*What is needed*.
Identify every line in the records below that contains the word "fastforce", and copy each of those lines.

# # # # #

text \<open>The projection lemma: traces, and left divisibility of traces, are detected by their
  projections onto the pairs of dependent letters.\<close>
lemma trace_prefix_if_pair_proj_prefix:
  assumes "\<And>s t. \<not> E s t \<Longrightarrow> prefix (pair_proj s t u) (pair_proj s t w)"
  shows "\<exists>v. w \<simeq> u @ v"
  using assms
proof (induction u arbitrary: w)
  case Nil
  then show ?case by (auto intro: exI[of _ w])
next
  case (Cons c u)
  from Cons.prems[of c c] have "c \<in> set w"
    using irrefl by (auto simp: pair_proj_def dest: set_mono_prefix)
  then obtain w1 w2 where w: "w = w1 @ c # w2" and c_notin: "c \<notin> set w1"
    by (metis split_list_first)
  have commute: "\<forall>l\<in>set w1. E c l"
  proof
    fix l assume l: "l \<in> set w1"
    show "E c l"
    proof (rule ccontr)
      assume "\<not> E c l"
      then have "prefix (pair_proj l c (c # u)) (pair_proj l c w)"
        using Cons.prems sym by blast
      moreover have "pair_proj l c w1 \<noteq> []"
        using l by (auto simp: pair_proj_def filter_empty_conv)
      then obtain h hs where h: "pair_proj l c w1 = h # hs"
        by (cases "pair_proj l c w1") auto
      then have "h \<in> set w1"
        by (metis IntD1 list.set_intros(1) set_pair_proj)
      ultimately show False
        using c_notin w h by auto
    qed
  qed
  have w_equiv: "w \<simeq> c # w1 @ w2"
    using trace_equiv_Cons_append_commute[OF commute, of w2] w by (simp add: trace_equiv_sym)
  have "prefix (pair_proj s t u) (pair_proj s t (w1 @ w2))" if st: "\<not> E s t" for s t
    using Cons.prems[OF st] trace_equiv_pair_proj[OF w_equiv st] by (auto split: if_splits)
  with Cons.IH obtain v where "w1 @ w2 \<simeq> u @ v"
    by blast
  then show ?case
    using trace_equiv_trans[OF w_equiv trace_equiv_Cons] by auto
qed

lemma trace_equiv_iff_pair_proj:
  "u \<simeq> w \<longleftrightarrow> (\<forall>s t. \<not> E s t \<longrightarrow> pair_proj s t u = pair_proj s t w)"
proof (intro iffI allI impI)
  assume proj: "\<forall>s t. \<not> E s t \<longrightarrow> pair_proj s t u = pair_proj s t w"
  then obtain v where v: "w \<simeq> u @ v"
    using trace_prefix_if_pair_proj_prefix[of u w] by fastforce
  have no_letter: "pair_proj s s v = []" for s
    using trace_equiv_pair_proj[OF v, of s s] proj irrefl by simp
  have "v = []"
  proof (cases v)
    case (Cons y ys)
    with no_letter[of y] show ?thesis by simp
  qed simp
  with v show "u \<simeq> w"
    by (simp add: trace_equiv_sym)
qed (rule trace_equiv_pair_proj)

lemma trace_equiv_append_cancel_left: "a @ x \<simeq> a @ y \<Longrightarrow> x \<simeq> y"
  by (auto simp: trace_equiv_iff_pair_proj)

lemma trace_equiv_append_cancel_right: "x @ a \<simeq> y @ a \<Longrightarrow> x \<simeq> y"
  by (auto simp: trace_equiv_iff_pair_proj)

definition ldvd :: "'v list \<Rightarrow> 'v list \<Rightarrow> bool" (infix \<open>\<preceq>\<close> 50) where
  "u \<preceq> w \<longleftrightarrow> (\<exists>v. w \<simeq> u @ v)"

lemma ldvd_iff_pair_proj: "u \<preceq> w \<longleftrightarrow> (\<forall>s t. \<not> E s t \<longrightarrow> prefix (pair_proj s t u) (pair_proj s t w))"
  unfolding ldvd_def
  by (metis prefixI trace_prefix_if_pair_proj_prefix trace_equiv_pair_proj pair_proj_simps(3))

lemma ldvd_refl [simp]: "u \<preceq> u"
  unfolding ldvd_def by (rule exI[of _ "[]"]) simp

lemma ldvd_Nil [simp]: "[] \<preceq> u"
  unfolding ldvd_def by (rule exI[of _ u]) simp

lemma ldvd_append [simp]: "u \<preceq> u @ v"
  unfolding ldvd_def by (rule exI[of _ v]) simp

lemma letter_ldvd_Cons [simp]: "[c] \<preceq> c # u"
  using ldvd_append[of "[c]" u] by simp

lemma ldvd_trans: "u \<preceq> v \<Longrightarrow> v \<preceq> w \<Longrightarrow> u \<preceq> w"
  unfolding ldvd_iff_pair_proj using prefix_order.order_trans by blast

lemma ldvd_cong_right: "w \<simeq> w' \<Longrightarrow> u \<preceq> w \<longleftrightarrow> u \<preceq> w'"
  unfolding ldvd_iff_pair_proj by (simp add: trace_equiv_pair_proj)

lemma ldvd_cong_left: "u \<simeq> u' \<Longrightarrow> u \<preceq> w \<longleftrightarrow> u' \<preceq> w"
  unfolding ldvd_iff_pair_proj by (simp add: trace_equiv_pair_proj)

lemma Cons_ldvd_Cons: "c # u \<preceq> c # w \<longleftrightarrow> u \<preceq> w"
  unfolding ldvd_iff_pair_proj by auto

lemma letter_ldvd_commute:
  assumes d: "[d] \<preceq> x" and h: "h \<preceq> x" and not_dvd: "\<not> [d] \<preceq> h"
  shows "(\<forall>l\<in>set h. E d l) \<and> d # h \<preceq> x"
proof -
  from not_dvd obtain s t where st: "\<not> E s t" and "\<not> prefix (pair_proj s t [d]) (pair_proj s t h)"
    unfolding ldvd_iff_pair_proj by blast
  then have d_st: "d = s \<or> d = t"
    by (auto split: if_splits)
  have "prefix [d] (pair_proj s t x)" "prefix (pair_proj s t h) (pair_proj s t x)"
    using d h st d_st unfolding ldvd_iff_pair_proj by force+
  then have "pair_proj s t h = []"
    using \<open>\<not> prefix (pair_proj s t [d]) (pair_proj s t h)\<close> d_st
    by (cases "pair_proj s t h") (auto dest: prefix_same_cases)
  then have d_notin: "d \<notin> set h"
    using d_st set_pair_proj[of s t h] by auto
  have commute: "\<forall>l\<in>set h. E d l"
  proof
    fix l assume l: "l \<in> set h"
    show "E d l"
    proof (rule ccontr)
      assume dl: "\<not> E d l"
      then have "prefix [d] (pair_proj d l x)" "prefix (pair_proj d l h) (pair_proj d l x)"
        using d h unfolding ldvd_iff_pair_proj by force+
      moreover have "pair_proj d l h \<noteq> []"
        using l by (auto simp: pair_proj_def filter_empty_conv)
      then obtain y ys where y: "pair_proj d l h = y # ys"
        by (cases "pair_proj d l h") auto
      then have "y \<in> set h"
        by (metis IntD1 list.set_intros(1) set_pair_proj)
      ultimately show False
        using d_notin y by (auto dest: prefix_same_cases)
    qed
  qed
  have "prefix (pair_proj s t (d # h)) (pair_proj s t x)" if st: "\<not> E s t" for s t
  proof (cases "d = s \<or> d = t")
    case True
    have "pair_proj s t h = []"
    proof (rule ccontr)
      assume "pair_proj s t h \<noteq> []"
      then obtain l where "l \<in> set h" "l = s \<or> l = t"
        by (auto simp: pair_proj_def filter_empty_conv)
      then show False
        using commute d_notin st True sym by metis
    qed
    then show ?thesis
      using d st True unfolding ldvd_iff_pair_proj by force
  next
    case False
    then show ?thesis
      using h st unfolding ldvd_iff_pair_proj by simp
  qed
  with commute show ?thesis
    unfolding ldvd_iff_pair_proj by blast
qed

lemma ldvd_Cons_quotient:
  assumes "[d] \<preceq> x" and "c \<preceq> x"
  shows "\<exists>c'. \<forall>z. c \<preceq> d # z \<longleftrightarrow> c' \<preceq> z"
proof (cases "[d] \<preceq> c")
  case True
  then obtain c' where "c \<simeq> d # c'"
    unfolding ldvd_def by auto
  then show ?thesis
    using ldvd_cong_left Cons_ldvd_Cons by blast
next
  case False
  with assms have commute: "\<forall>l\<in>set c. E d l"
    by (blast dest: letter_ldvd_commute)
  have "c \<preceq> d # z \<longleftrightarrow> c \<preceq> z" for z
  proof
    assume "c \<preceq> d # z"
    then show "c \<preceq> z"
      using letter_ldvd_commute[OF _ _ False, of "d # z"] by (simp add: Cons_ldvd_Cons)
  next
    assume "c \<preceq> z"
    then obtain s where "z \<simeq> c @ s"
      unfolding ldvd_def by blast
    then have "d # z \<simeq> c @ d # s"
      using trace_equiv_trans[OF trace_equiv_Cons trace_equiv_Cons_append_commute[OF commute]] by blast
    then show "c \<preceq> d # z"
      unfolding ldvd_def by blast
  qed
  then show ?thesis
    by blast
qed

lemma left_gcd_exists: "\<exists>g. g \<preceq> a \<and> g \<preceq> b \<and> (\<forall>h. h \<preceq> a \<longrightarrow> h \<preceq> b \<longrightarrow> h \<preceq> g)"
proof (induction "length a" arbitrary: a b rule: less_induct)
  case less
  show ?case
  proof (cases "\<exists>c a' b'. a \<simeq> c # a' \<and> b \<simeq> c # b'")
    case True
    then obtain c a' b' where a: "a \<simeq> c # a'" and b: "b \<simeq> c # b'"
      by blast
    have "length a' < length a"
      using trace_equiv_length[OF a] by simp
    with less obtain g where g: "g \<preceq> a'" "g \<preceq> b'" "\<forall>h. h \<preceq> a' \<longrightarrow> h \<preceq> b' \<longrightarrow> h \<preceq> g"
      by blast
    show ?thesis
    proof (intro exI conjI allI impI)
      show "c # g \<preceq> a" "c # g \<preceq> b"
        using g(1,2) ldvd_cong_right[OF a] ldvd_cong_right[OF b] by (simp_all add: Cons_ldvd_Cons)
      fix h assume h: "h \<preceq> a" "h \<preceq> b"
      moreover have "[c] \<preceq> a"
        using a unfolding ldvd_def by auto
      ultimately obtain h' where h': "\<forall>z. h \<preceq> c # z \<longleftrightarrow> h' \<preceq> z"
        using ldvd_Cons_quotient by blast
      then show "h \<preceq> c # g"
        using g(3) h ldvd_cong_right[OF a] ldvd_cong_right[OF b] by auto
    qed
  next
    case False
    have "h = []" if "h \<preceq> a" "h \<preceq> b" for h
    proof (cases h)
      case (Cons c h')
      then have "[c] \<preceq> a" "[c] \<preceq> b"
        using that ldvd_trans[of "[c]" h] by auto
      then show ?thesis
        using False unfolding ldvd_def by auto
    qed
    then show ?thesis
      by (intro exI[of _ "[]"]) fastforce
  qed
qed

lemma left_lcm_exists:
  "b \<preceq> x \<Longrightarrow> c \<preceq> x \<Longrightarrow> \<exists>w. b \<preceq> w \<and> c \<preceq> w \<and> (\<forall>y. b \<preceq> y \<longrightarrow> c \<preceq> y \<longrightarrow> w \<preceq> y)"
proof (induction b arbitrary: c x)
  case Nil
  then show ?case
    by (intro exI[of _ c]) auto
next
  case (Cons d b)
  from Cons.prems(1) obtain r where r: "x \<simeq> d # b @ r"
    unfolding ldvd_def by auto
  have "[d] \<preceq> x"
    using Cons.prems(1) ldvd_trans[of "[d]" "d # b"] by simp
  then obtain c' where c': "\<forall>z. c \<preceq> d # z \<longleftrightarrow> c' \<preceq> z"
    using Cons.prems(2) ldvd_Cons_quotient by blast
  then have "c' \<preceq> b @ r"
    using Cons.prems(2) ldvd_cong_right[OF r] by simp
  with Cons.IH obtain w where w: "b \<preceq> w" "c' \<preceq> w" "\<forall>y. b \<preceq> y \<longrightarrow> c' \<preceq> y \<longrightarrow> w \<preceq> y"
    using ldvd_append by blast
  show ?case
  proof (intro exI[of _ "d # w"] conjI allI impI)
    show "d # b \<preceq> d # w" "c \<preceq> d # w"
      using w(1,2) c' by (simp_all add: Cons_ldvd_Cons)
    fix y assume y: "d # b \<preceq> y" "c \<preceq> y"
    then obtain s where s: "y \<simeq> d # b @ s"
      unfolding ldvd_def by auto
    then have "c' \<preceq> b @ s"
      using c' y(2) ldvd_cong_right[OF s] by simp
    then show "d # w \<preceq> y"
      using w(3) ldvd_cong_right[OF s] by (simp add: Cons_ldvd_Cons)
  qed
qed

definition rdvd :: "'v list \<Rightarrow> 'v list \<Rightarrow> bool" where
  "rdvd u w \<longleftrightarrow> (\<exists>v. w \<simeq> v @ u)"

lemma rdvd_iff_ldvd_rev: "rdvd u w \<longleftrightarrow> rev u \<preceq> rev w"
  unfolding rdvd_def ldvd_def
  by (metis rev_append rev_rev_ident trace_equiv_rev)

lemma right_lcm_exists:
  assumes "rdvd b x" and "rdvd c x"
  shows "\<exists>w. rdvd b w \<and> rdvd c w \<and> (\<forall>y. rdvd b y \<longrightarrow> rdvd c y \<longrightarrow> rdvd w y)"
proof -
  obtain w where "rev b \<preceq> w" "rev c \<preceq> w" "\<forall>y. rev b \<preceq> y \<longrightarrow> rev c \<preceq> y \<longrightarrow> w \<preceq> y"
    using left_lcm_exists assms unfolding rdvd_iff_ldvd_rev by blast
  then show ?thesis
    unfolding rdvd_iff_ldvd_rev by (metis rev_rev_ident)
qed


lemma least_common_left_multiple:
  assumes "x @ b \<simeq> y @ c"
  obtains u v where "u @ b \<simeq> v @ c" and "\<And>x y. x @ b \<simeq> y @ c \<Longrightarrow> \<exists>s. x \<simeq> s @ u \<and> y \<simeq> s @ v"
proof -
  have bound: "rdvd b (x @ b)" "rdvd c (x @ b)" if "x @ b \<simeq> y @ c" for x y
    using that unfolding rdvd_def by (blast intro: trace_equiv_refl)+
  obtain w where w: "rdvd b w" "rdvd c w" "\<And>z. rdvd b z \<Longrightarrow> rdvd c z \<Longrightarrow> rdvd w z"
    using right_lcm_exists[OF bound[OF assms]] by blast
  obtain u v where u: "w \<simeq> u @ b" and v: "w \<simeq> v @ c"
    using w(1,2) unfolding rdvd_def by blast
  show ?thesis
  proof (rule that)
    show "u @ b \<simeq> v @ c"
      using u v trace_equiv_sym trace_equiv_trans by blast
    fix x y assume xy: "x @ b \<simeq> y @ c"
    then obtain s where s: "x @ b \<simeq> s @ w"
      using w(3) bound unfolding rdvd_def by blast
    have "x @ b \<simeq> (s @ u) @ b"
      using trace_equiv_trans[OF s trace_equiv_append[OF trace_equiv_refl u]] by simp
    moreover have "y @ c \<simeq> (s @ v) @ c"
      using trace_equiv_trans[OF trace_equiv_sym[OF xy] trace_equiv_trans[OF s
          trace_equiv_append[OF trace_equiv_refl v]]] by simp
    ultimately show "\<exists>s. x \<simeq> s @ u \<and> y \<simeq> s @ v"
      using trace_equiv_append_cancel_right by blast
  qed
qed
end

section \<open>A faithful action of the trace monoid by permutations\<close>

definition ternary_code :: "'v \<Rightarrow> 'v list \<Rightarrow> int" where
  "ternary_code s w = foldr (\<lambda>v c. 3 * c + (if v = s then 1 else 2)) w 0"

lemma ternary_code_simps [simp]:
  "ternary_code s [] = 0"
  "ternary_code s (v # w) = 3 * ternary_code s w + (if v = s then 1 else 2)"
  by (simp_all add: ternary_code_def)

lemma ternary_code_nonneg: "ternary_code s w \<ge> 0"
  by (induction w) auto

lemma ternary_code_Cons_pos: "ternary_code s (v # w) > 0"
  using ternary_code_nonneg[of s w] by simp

# # # # #

*Result*.
    using trace_prefix_if_pair_proj_prefix[of u w] by fastforce
      by (intro exI[of _ "[]"]) fastforce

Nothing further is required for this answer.